Friday, December 11, 2009

Chinese food and winter vegetables

Mark and I went out for lunch yesterday at Su Xing House, one of our favorite restaurants.

My fortune said: Good news will come to you in the mail.

Mark's fortune said: The night life is for you.

Once, at Kingdom of Vegetarians, a less upscale but still yummy place in Chinatown, where we had our first date, Mark got a fortune that said: A nice cake is waiting for you. Actually, I believe that happened on our first date. Come to think of it, I'll take that as a compliment.

Not long before that, I was at a coffee shop on South Street that gives fortune cookies with your check, and I got the fortune: It tastes sweet. I still have this in my wallet.

Yesterday at Su Xing House, we ordered two lunch specials and split the main courses: Sesame Seitan and Mushroom Delight. We always have the Sesame Seitan; this was our first time ordering the Mushroom Delight. Three different kinds of mushrooms, snow peas, and a delicious brown sauce that has a "comfort-food" taste. On the side were brown rice, miso soup, and spring rolls. This place is amazing. It's fairly cheap, delicious, and it doesn't look cheap. The decor makes you feel like you probably shouldn't be there, but the food assures you that you should.

And from Huffington Post, here is a good, quick guide to winter vegetables available year-round at farmers' markets.

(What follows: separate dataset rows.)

lemma neighbour_of_piece:
  assumes "q < k" "B \<subseteq> {..<p}" "r \<in> B" "{p * q + r, b} \<in> snd (periodic_graph p D k)"
    and closed: "\<And>d. d \<in> D r \<Longrightarrow> 0 \<le> int r + d \<and> nat (int r + d) \<in> B \<or> shift p r d \<in> H"
  shows "b \<in> (\<lambda>r. p * q + r) ` B \<or> b < p * k \<and> b mod p \<in> H"
proof -
  let ?a = "p * q + r"
  have "r < p" using assms(2,3) by auto
  then have "?a < p * k" "?a mod p = r" using assms(1) by (simp_all add: block_index_less)
  then obtain d where d: "d \<in> D r" "b = shift (p * k) ?a d"
    using edge_iff[of ?a k b] assms(4) by auto
  from closed[OF d(1)] show ?thesis
  proof
    assume r_d: "0 \<le> int r + d \<and> nat (int r + d) \<in> B"
    then have "int r + d < int p" using assms(2) by auto
    then have "int b = int ?a + d"
      unfolding d(2) using \<open>?a < p * k\<close> \<open>?a mod p = r\<close> r_d by (intro shift_within_block) simp_all
    then have "b = p * q + nat (int r + d)" using r_d by linarith
    then show ?thesis using r_d by auto
  next
    assume "shift p r d \<in> H"
    then have "b mod p \<in> H"
      using d(2) \<open>?a mod p = r\<close> shift_mod[of p k ?a d] \<open>r < p\<close> assms(1) by simp
    moreover have "b < p * k" unfolding d(2) using \<open>?a < p * k\<close> by (intro shift_less) linarith
    ultimately show ?thesis by simp
  qed
qed

lemma no_Lambda_factor:
  assumes "0 < k" "finite H" "finite J"
    and pieces: "\<And>j. j \<in> J \<Longrightarrow> B j \<subseteq> {..<p} - H"
    and disjoint: "\<And>j j'. j \<in> J \<Longrightarrow> j' \<in> J \<Longrightarrow> j \<noteq> j' \<Longrightarrow> B j \<inter> B j' = {}"
    and closed: "\<And>j r d. j \<in> J \<Longrightarrow> r \<in> B j \<Longrightarrow> d \<in> D r \<Longrightarrow>
      0 \<le> int r + d \<and> nat (int r + d) \<in> B j \<or> shift p r d \<in> H"
    and deficient: "2 * card H < (\<Sum>j\<in>J. card (B j) mod 3)"
  shows "\<not> has_Lambda_factor (periodic_graph p D k)"
proof (subst periodic_graph_eq, rule no_Lambda_factor_if_deficient)
  let ?S = "{v \<in> {..<p * k}. v mod p \<in> H}" and ?I = "{..<k} \<times> J"
  let ?P = "\<lambda>(q, j). (\<lambda>r. p * q + r) ` B j"
  show "finite {..<p * k}" "?S \<subseteq> {..<p * k}" "finite ?I" using \<open>finite J\<close> by auto
  show "?P i \<subseteq> {..<p * k} - ?S" if i: "i \<in> ?I" for i
  proof -
    obtain q j where "i = (q, j)" "q < k" "j \<in> J" using i by (cases i) auto
    then show ?thesis using pieces[OF \<open>j \<in> J\<close>] by (auto simp: block_index_less)
  qed
  show "?P i \<inter> ?P i' = {}" if i: "i \<in> ?I" "i' \<in> ?I" "i \<noteq> i'" for i i'
  proof -
    obtain q j q' j' where ij: "i = (q, j)" "i' = (q', j')" "j \<in> J" "j' \<in> J"
      using i by (cases i, cases i') auto
    have "q = q' \<and> r = r'" if "r \<in> B j" "r' \<in> B j'" "p * q + r = p * q' + r'" for r r'
      using that pieces ij(3,4) block_index_eq_iff[of r p r' q q'] by blast
    then show ?thesis using disjoint[OF ij(3,4)] \<open>i \<noteq> i'\<close> ij(1,2) by auto
  qed
  show "b \<in> ?P i \<union> ?S" if i: "i \<in> ?I" and "{a, b} \<in> snd (periodic_graph p D k)" "a \<in> ?P i" for i a b
  proof -
    obtain q j r where "i = (q, j)" "q < k" "j \<in> J" "r \<in> B j" "a = p * q + r"
      using i \<open>a \<in> ?P i\<close> by (cases i) auto
    then show ?thesis
      using neighbour_of_piece[of q k "B j" r b H] pieces closed
        \<open>{a, b} \<in> snd (periodic_graph p D k)\<close>
      by auto
  qed
  have "2 * card ?S \<le> 2 * (k * card H)"
    using card_residues_le[OF \<open>finite H\<close>, of p k] by simp
  also have "\<dots> < k * (\<Sum>j\<in>J. card (B j) mod 3)"
    using deficient \<open>0 < k\<close> by simp
  also have "\<dots> = (\<Sum>i\<in>?I. card (?P i) mod 3)"
    by (rule sum_card_translates_mod_3[symmetric])
  finally show "2 * card ?S < (\<Sum>i\<in>?I. card (?P i) mod 3)" .
qed

end

text \<open>Residues 0 and 17 are the hubs; 1--8, 9--16 and 18--25 are three copies of the same
  8-vertex gadget, a path with chords 1--4, 2--7, 3--6, 5--8, whose ends are joined to the hubs
  0 and 17, 0 and 17, and 17 and the 0 of the next block.\<close>

definition block_offsets :: "nat \<Rightarrow> int set" where
  "block_offsets r = [{-1, 1, 9}, {-1, 1, 3}, {-1, 1, 5}, {-1, 1, 3}, {-1, 1, -3}, {-1, 1, 3},
     {-1, 1, -3}, {-1, 1, -5}, {-1, 9, -3}, {-9, 1, 3}, {-1, 1, 5}, {-1, 1, 3}, {-1, 1, -3},
     {-1, 1, 3}, {-1, 1, -3}, {-1, 1, -5}, {-1, 1, -3}, {-1, 1, -9}, {-1, 1, 3}, {-1, 1, 5},
     {-1, 1, 3}, {-1, 1, -3}, {-1, 1, 3}, {-1, 1, -3}, {-1, 1, -5}, {-1, 1, -3}] ! r"

definition block_page :: "nat \<Rightarrow> bool" where
  "block_page r \<longleftrightarrow> r \<in> {0, 1, 5, 9, 13, 18, 22}"

lemma all_less_iff_list_all_upt: "(\<forall>r<n. P r) \<longleftrightarrow> list_all P [0..<n]"
  by (auto simp: list_all_iff)

lemmas block_tables = block_offsets_def block_page_def upt_rec shift_def

lemma block_offsets_uminus: "\<forall>r<26. \<forall>d\<in>block_offsets r. - d \<in> block_offsets (shift 26 r d)"
  unfolding all_less_iff_list_all_upt by (simp add: block_tables)

lemma block_offsets_short: "\<forall>r<26. \<forall>d\<in>block_offsets r. d \<noteq> 0 \<and> 2 * \<bar>d\<bar> < 26 \<and> odd d"
  unfolding all_less_iff_list_all_upt by (simp add: block_tables)

lemma block_offsets_local:
  "\<forall>r<26. \<forall>d\<in>block_offsets r. 0 \<le> int r + d \<and> int r + d < 26 \<or> r = 0 \<and> d = -1 \<or> r = 25 \<and> d = 1"
  unfolding all_less_iff_list_all_upt by (simp add: block_tables)

lemma block_offsets_card:
  "\<forall>r<26. card (block_offsets r) = 3 \<and> (\<exists>d\<in>block_offsets r. d < 0) \<and> (\<exists>d\<in>block_offsets r. 0 < d)"
  unfolding all_less_iff_list_all_upt by (simp add: block_tables)

lemma block_offsets_gadgets:
  "\<forall>r<26. \<forall>d\<in>block_offsets r. \<forall>j\<in>{1, 9, 18}.
     r \<in> {j..j + 7} \<longrightarrow> 0 \<le> int r + d \<and> nat (int r + d) \<in> {j..j + 7} \<or> shift 26 r d \<in> {0, 17}"
  unfolding all_less_iff_list_all_upt by (simp add: block_tables)

lemma block_page_crossing:
  "\<forall>a<26. \<forall>c<26. \<forall>x\<in>block_offsets a. \<forall>y\<in>block_offsets c.
     a < c \<longrightarrow> int c < int a + x \<longrightarrow> int a + x < int c + y \<longrightarrow> int c + y < 26 \<longrightarrow>
     block_page a \<noteq> block_page c"
  unfolding all_less_iff_list_all_upt by (simp add: block_tables)

interpretation block: periodic_pattern 26 block_offsets
proof
  fix r d assume "r < 26" "d \<in> block_offsets r"
  then show "- d \<in> block_offsets (shift 26 r d)" "d \<noteq> 0 \<and> 2 * \<bar>d\<bar> < int 26"
    "0 \<le> int r + d \<and> int r + d < int 26 \<or> r = 0 \<and> d = -1 \<or> r = 26 - 1 \<and> d = 1"
    using block_offsets_uminus block_offsets_short block_offsets_local by simp_all
qed

lemma block_graph_properties:
  assumes "0 < k"
  shows "simple_graph (periodic_graph 26 block_offsets k) \<and>
    two_connected (periodic_graph 26 block_offsets k) \<and> cubic (periodic_graph 26 block_offsets k) \<and>
    bipartite (periodic_graph 26 block_offsets k) \<and> planar (periodic_graph 26 block_offsets k) \<and>
    \<not> has_Lambda_factor (periodic_graph 26 block_offsets k)"
proof (intro conjI)
  show "simple_graph (periodic_graph 26 block_offsets k)" by (rule block.simple)
  show "cubic (periodic_graph 26 block_offsets k)"
    using block_offsets_card by (intro block.cubic) simp
  show "bipartite (periodic_graph 26 block_offsets k)"
    using block_offsets_short by (intro block.bipartite) simp_all
  show "two_connected (periodic_graph 26 block_offsets k)"
    using block_offsets_card assms by (intro block.two_connected) (simp_all add: block_offsets_def)
  show "planar (periodic_graph 26 block_offsets k)"
    using block_page_crossing by (intro block.planar[where page = block_page]) simp
  show "\<not> has_Lambda_factor (periodic_graph 26 block_offsets k)"
  proof (rule block.no_Lambda_factor[where H = "{0, 17}" and J = "{1, 9, 18}"
        and B = "\<lambda>j. {j..j + 7}"])
    fix j r d assume j: "j \<in> {1, 9, 18}" and "r \<in> {j..j + 7}" "d \<in> block_offsets r"
    moreover have "r < 26" using j \<open>r \<in> {j..j + 7}\<close> by auto
    ultimately show "0 \<le> int r + d \<and> nat (int r + d) \<in> {j..j + 7} \<or> shift 26 r d \<in> {0, 17}"
      using block_offsets_gadgets[rule_format, OF \<open>r < 26\<close> \<open>d \<in> block_offsets r\<close> j \<open>r \<in> {j..j + 7}\<close>]
      by blast
  next
    fix j j' :: nat assume "j \<in> {1, 9, 18}" "j' \<in> {1, 9, 18}" "j \<noteq> j'"
    then show "{j..j + 7} \<inter> {j'..j' + 7} = {}" by auto
  qed (use assms in auto)
qed

lemma graph_iso_card_eq: "graph_iso G H \<Longrightarrow> card (fst G) = card (fst H)"
  unfolding graph_iso_def by (metis bij_betw_same_card)

lemma infinite_non_isomorphic_family:
  fixes G :: "nat \<Rightarrow> 'a graph"
  assumes "inj (\<lambda>j. card (fst (G j)))"
  shows "infinite (range G)" and "\<forall>H\<in>range G. \<forall>H'\<in>range G. H \<noteq> H' \<longrightarrow> \<not> graph_iso H H'"
proof -
  have "inj G" using assms by (auto simp: inj_def)
  then show "infinite (range G)" by (rule range_inj_infinite)
  show "\<forall>H\<in>range G. \<forall>H'\<in>range G. H \<noteq> H' \<longrightarrow> \<not> graph_iso H H'"
  proof (intro ballI impI notI)
    fix H H' assume "H \<in> range G" "H' \<in> range G" "H \<noteq> H'" "graph_iso H H'"
    then obtain j j' where "H = G j" "H' = G j'" "card (fst (G j)) = card (fst (G j'))"
      using graph_iso_card_eq by blast
    then show False using injD[OF assms, of j j'] \<open>H \<noteq> H'\<close> by simp
  qed
qed

theorem mainTheorem1:
  shows "\<exists>S :: nat graph set. infinite S \<and>
    (\<forall>G\<in>S. simple_graph G \<and> card (fst G) mod 6 = 0 \<and> two_connected G \<and> cubic G \<and>
            bipartite G \<and> planar G \<and> \<not> has_Lambda_factor G) \<and>
    (\<forall>G\<in>S. \<forall>H\<in>S. G \<noteq> H \<longrightarrow> \<not> graph_iso G H)"
proof -
  define G where "G j = periodic_graph 26 block_offsets (3 * Suc j)" for j
  have card_G: "card (fst (G j)) = 78 * Suc j" for j
    by (simp add: G_def)
  then have "inj (\<lambda>j. card (fst (G j)))"
    by (intro injI) simp
  note family = infinite_non_isomorphic_family[OF this]
  have properties: "simple_graph H \<and> card (fst H) mod 6 = 0 \<and> two_connected H \<and> cubic H \<and>
      bipartite H \<and> planar H \<and> \<not> has_Lambda_factor H" if "H \<in> range G" for H
  proof -
    obtain j where "H = G j" using \<open>H \<in> range G\<close> by blast
    then show ?thesis
      using block_graph_properties[of "3 * Suc j"] card_G[of j] unfolding G_def by simp
  qed
  show ?thesis
  proof (intro exI[of _ "range G"] conjI)
    show "\<forall>H\<in>range G. simple_graph H \<and> card (fst H) mod 6 = 0 \<and> two_connected H \<and> cubic H \<and>
      bipartite H \<and> planar H \<and> \<not> has_Lambda_factor H"
      using properties by (rule ballI)
  qed (fact family)+
qed

end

Complete with beautiful photos and links to recipes.

I love winter vegetables: roots and cabbage and cauliflower, red beets, yellow and orange and dark green squash, many colors of potato, and of course deep dark sweet soft mushrooms for rich, protein-heavy, comforting goodness. Add to that chestnuts, beans, and lentils, and I am learning that there's no need to change my shopping habits in wintertime. Nature provides.